Ville de Nevers is the prefecture of the Nièvre department in the Bourgogne-Franche-Comté region in central France. A city with a population of 35,000, it is well-known for its art, history, and architecture that includes the Ducal Palace, one of the principal feudal buildings in central France, as well as this amazing church that has nothing to do with anything. Recently Ville de Nevers introduced a new identity designed by Paris- and Lyon-based Graphéine.
Nevers is a city rich in history and heritage. Yet, like many medium-sized cities, its demography is on the decline, leading to the inevitable economic slowdown. Nevers is often described as “sleeping beauty” and it is precisely this image that we have sought to change. In this context, choosing a new visual identity is choosing to assert an ambition! To give back the departmental, regional and national stature that Nevers deserves. This new identity is therefore there to inscribe the city in modernity, movement and energy.

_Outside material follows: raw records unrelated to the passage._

(* Let $\Omega\subset\mathbb{R}^n$ be open, $\omega\in A_\infty$, and $\varphi(x,t)=t^{p(x)}$ where $p:\Omega\to[1,\infty]$ is measurable and $\frac1p$ satisfies the log-Hölder decay condition. Then $\varphi$ satisfies (A2)$_\omega$.
   Context: Convention: $t^\infty:=\infty\cdot\chi_{(1,\infty)}(t)$ and $1/\infty:=0$. $\frac1p$ satisfies the log-Hölder decay condition if there exist $p_\infty\in[1,\infty]$ and $c_2>0$ with $\big|\frac1{p(x)}-\frac1{p_\infty}\big|\le\frac{c_2}{\log(e+|x|)}$ for all $x\in\Omega$. A weight is a nonnegative locally integrable function $\omega$ on $\mathbb{R}^n$, $\omega(E):=\int_E\omega\,dx$; $L^1(\Omega,\omega)$ is the set of measurable $h$ with $\int_\Omega|h|\omega\,dx<\infty$. For $1<q<\infty$, $\omega\in A_q$ means $\sup_B|B|^{-q}\omega(B)\big(\int_B\omega^{-q'/q}dx\big)^{q-1}<\infty$ with $1/q+1/q'=1$, supremum over open balls; $\omega\in A_1$ means $M\omega\le C\omega$ a.e.; $A_\infty:=\bigcup_{q\in[1,\infty)}A_q$. (A2)$_\omega$: for every $s>0$ there exist $\beta_2\in(0,1]$ and $h\in L^1(\Omega,\omega)\cap L^\infty(\Omega)$, $h\ge0$, such that $\varphi(x,\beta_2t)\le\varphi(y,t)+h(x)+h(y)$ for a.e. $x,y\in\Omega$ whenever $\varphi(y,t)\in[0,s]$. *)

theory Defs
  imports "HOL-Analysis.Analysis"
begin

definition is_weight :: "('a::euclidean_space \<Rightarrow> real) \<Rightarrow> bool" where
  "is_weight w \<longleftrightarrow> (\<forall>x. 0 \<le> w x) \<and> (\<forall>K. compact K \<longrightarrow> set_integrable lebesgue K w)"

definition wmeas :: "('a::euclidean_space \<Rightarrow> real) \<Rightarrow> 'a set \<Rightarrow> ennreal" where
  "wmeas w E = (\<integral>\<^sup>+ y\<in>E. ennreal (w y) \<partial>lebesgue)"

definition epowr :: "ennreal \<Rightarrow> real \<Rightarrow> ennreal" where
  "epowr x a = (if x = \<infinity> then \<infinity> else ennreal (enn2real x powr a))"

text \<open>A_q for 1 < q < infinity: sup over open balls B of
  |B|^{-q} w(B) (int_B w^{-q'/q})^{q-1} is finite; note q'/q = 1/(q-1), and w^{-1/(q-1)} = infinity where w = 0.\<close>
definition A_q :: "real \<Rightarrow> ('a::euclidean_space \<Rightarrow> real) set" where
  "A_q q = {w. is_weight w \<and>
     (\<exists>C::real. \<forall>c r. 0 < r \<longrightarrow>
        wmeas w (ball c r) *
          epowr (\<integral>\<^sup>+ y\<in>ball c r. (if w y = 0 then \<infinity> else ennreal (w y powr (- 1 / (q - 1)))) \<partial>lebesgue) (q - 1)
        \<le> ennreal C * ennreal (measure lebesgue (ball c r) powr q))}"

definition maximal_fn :: "('a::euclidean_space \<Rightarrow> real) \<Rightarrow> 'a \<Rightarrow> ennreal" where
  "maximal_fn w x = (SUP B\<in>{ball c r | c r. 0 < r \<and> x \<in> ball c r}.
       ennreal (1 / measure lebesgue B) * (\<integral>\<^sup>+ y\<in>B. ennreal \<bar>w y\<bar> \<partial>lebesgue))"

definition A_1 :: "('a::euclidean_space \<Rightarrow> real) set" where
  "A_1 = {w. is_weight w \<and> (\<exists>C::real. AE x in lebesgue. maximal_fn w x \<le> ennreal C * ennreal (w x))}"

definition A_inf :: "('a::euclidean_space \<Rightarrow> real) set" where
  "A_inf = A_1 \<union> (\<Union>q\<in>{1<..}. A_q q)"

text \<open>1/p with the convention 1/infinity = 0.\<close>
definition recip :: "ereal \<Rightarrow> real" where
  "recip e = real_of_ereal (inverse e)"

definition log_Hoelder_decay :: "'a::euclidean_space set \<Rightarrow> ('a \<Rightarrow> ereal) \<Rightarrow> bool" where
  "log_Hoelder_decay \<Omega> p \<longleftrightarrow> (\<exists>p_inf::ereal. 1 \<le> p_inf \<and> (\<exists>c2>0. \<forall>x\<in>\<Omega>.
      \<bar>recip (p x) - recip p_inf\<bar> \<le> c2 / ln (exp 1 + norm x)))"

definition var_power :: "('a \<Rightarrow> ereal) \<Rightarrow> 'a \<Rightarrow> real \<Rightarrow> ennreal" where
  "var_power p x t = (if p x = \<infinity> then (if 1 < t then \<infinity> else 0)
                      else ennreal (t powr real_of_ereal (p x)))"

definition A2_weighted :: "'a::euclidean_space set \<Rightarrow> ('a \<Rightarrow> real) \<Rightarrow> ('a \<Rightarrow> real \<Rightarrow> ennreal) \<Rightarrow> bool" where
  "A2_weighted \<Omega> w \<phi> \<longleftrightarrow> (\<forall>s::real. 0 < s \<longrightarrow> (\<exists>\<beta>2 h. 0 < \<beta>2 \<and> \<beta>2 \<le> 1 \<and>
      h \<in> borel_measurable (restrict_space lebesgue \<Omega>) \<and>
      (\<forall>x\<in>\<Omega>. 0 \<le> h x) \<and>
      (\<integral>\<^sup>+ x\<in>\<Omega>. ennreal (\<bar>h x\<bar> * w x) \<partial>lebesgue) < \<infinity> \<and>
      (\<exists>M::real. AE x in lebesgue. x \<in> \<Omega> \<longrightarrow> \<bar>h x\<bar> \<le> M) \<and>
      (\<exists>N \<in> null_sets lebesgue. \<forall>x\<in>\<Omega> - N. \<forall>y\<in>\<Omega> - N. \<forall>t::real. 0 \<le> t \<longrightarrow>
          \<phi> y t \<le> ennreal s \<longrightarrow>
          \<phi> x (\<beta>2 * t) \<le> \<phi> y t + ennreal (h x) + ennreal (h y))))"

end

theory Submission
  imports Defs
begin

(* An A_inf weight grows polynomially, w(B_R) <= C R^D for R >= 1, so
   h(x) = (e + |x|)^(-m) with m = D + 2 lies in L^1(w) and is bounded by 1.
   For the pointwise inequality take beta = e^(-2cm) / max(1, s): the hypothesis
   phi(y, t) <= s forces t <= max(1, s), so tau = t / max(1, s) <= 1.  The log-Hoelder
   decay condition gives 1/p(x) <= 1/p(y) + 2c/lambda with
   lambda = min(log(e + |x|), log(e + |y|)), and comparing exponents shows that
   (e^(-2cm) tau)^p(x) is at most either e^(-m lambda) <= h(x) + h(y) or
   tau^p(y) <= t^p(y). *)

(* With a = 1/p(x), b = 1/p(y) and L = -ln tau this compares the exponents of
   (e^(-2cm) tau)^p(x), e^(-m lam) and tau^p(y). *)
lemma log_Hoelder_exponent_cases:
  fixes a b c m lam L :: real
  assumes a: "0 < a" and b: "0 \<le> b" and c: "0 < c" and m: "0 < m" and lam: "1 \<le> lam"
    and ab: "a \<le> b + 2 * c / lam" and L: "0 \<le> L"
  shows "m * lam \<le> (L + 2 * c * m) / a \<or> (0 < b \<and> L / b \<le> (L + 2 * c * m) / a)"
proof (cases "m * lam \<le> (L + 2 * c * m) / a")
  case False
  hence "L + 2 * c * m < a * m * lam"
    using a by (simp add: field_simps)
  also have "\<dots> \<le> (b + 2 * c / lam) * m * lam"
    using ab m lam by (intro mult_right_mono) auto
  also have "\<dots> = b * m * lam + 2 * c * m"
    using lam by (simp add: field_simps)
  finally have L_lt: "L < b * m * lam" by simp
  hence b_pos: "0 < b"
    using L b m lam by (cases "b = 0") auto
  have "L / lam < b * m"
    using L_lt lam by (simp add: field_simps)
  hence L_le: "2 * c * (L / lam) \<le> 2 * c * (b * m)"
    using c by (intro mult_left_mono) auto
  have "a * L \<le> (b + 2 * c / lam) * L"
    using ab L by (rule mult_right_mono)
  also have "\<dots> = b * L + 2 * c * (L / lam)"
    by (simp add: algebra_simps)
  also have "\<dots> \<le> b * L + 2 * c * (b * m)"
    using L_le by simp
  finally have "a * L \<le> b * (L + 2 * c * m)"
    by (simp add: algebra_simps)
  hence "L / b \<le> (L + 2 * c * m) / a"
    using a b_pos by (simp add: field_simps)
  thus ?thesis using b_pos by simp
qed simp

The logo is designed in a modular way. In its initial configuration it draws the letter “N”, but it can be recomposed in a thousand ways… The idea of movement is written into his DNA. These arrows seem to open up as if to unfold the city’s potential.
The old logo was quite sad, with a terrible illustration of the Ducal Palace that looked as if Clifford the Big Red Dog peed on it and the typography was, well, it was not good. The new logo abstracts the distinctive polygon turrets of the building into chevrons that are then reconfigured to form an “N” in their counterspace. The resulting monogram is contemporary and surprising — eschewing the more typical let’s-make-our-quaint-city-look-quaint approach. The mix of solid chevrons with dotted chevrons creates an interesting sense of dimensionality as if the logo had two sources of light, casting different shadows. The wordmark does a good job in echoing the light/dark composition of the monogram with a small light “Ville de” and a bold, all uppercase “NEVERS”. We just need to move that “S” a little bit to the left and we’ll be all set.
The monogram’s animations are entertaining but if I had one philosophical question it would be what, if anything, do these animations tell us about Nevers? Of course, I know they are not meant to tell the story of the city, but this type of animation seems more appropriate for some kind of industrial corporation or tech-forward city, which doesn’t seem to be entirely the case here. Still, I spent more billable hours staring at those two GIFs than I should have.
The chevrons, as the main ingredients of the identity, are used in a lively and colourful way.
The angle of the logo is the starting point of the composition of the posters. Large diagonals cross the format to draw rhythms through the posters. Colours, texts and images produce structured and moving compositions. The system can be put in minor to give prominence to the visual, or express itself fully when the iconography is deficient.
The extension of the angled nature of the chevrons is nicely done in the applications, setting up a flexible system that’s dynamic, colorful, and engaging. I particularly like when they sprinkle chevrons going in different directions (as in the photo with the bird).
The additional animation work is pretty slick but I wonder though, how relevant this (and the applications) are. As a disclaimer, I have never been to Ville de Nevers but judging from the Google Image search, the identity seems way too cool for what looks like an… old town. With some destinations that I’ve never been to, the Google Image Search result test does match what an identity is doing and I know it’s far from scientific but it seems like a disconnect in this case. Optimistically though, this very well-crafted identity could help set the tone for a cooler Ville de Nevers.